### BRIEF
The data must be written out once more, precisely as given.

(Stored data entries)
----------
lemma linear_matrix_sandwich: "linear (\<lambda>X::'d::finite cmat. A ** X ** B)"
  by (rule linearI)
    (simp_all add: vec_eq_iff matrix_matrix_mult_def sum_distrib_left sum_distrib_right
      algebra_simps sum.distrib scaleR_sum_right)

lemma linear_cscale: "linear (cscale c :: 'd::finite cmat \<Rightarrow> 'd cmat)"
  by (rule linearI) (simp_all add: vec_eq_iff cscale_def algebra_simps)

lemma linear_sum_list_map:
  "(\<And>A. linear (f A)) \<Longrightarrow> linear (\<lambda>X. sum_list (map (\<lambda>A. f A X) As))"
  by (induction As) (auto intro: linear_compose_add linear_zero)

lemma linear_lindbladian:
  assumes "lindbladian (L::'d::finite superop)"
  shows "linear L"
proof -
  obtain H Ls where L: "L = (\<lambda>\<rho>. cscale (- \<i>) (H ** \<rho> ** mat 1 - mat 1 ** \<rho> ** H) +
      sum_list (map (\<lambda>A. A ** \<rho> ** adj A
        - (1/2::real) *\<^sub>R (adj A ** A ** \<rho> ** mat 1 + mat 1 ** \<rho> ** (adj A ** A))) Ls))"
    using assms unfolding lindbladian_def by (auto simp: matrix_mul_rid matrix_mul_lid)
  have "linear (\<lambda>\<rho>::'d cmat. cscale (- \<i>) (H ** \<rho> ** mat 1 - mat 1 ** \<rho> ** H))"
    using linear_compose[OF linear_compose_sub[OF linear_matrix_sandwich linear_matrix_sandwich]
        linear_cscale]
    by (simp only: o_def)
  moreover have "linear (\<lambda>\<rho>::'d cmat. A ** \<rho> ** adj A
      - (1/2::real) *\<^sub>R (adj A ** A ** \<rho> ** mat 1 + mat 1 ** \<rho> ** (adj A ** A)))" for A
    by (intro linear_compose_sub linear_compose_scale_right linear_compose_add linear_matrix_sandwich)
  ultimately show ?thesis
    unfolding L by (intro linear_compose_add linear_sum_list_map)
qed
----------
### RESULT OF THIS TASK
lemma linear_matrix_sandwich: "linear (\<lambda>X::'d::finite cmat. A ** X ** B)"
  by (rule linearI)
    (simp_all add: vec_eq_iff matrix_matrix_mult_def sum_distrib_left sum_distrib_right
      algebra_simps sum.distrib scaleR_sum_right)

lemma linear_cscale: "linear (cscale c :: 'd::finite cmat \<Rightarrow> 'd cmat)"
  by (rule linearI) (simp_all add: vec_eq_iff cscale_def algebra_simps)

lemma linear_sum_list_map:
  "(\<And>A. linear (f A)) \<Longrightarrow> linear (\<lambda>X. sum_list (map (\<lambda>A. f A X) As))"
  by (induction As) (auto intro: linear_compose_add linear_zero)

lemma linear_lindbladian:
  assumes "lindbladian (L::'d::finite superop)"
  shows "linear L"
proof -
  obtain H Ls where L: "L = (\<lambda>\<rho>. cscale (- \<i>) (H ** \<rho> ** mat 1 - mat 1 ** \<rho> ** H) +
      sum_list (map (\<lambda>A. A ** \<rho> ** adj A
        - (1/2::real) *\<^sub>R (adj A ** A ** \<rho> ** mat 1 + mat 1 ** \<rho> ** (adj A ** A))) Ls))"
    using assms unfolding lindbladian_def by (auto simp: matrix_mul_rid matrix_mul_lid)
  have "linear (\<lambda>\<rho>::'d cmat. cscale (- \<i>) (H ** \<rho> ** mat 1 - mat 1 ** \<rho> ** H))"
    using linear_compose[OF linear_compose_sub[OF linear_matrix_sandwich linear_matrix_sandwich]
        linear_cscale]
    by (simp only: o_def)
  moreover have "linear (\<lambda>\<rho>::'d cmat. A ** \<rho> ** adj A
      - (1/2::real) *\<^sub>R (adj A ** A ** \<rho> ** mat 1 + mat 1 ** \<rho> ** (adj A ** A)))" for A
    by (intro linear_compose_sub linear_compose_scale_right linear_compose_add linear_matrix_sandwich)
  ultimately show ?thesis
    unfolding L by (intro linear_compose_add linear_sum_list_map)
qed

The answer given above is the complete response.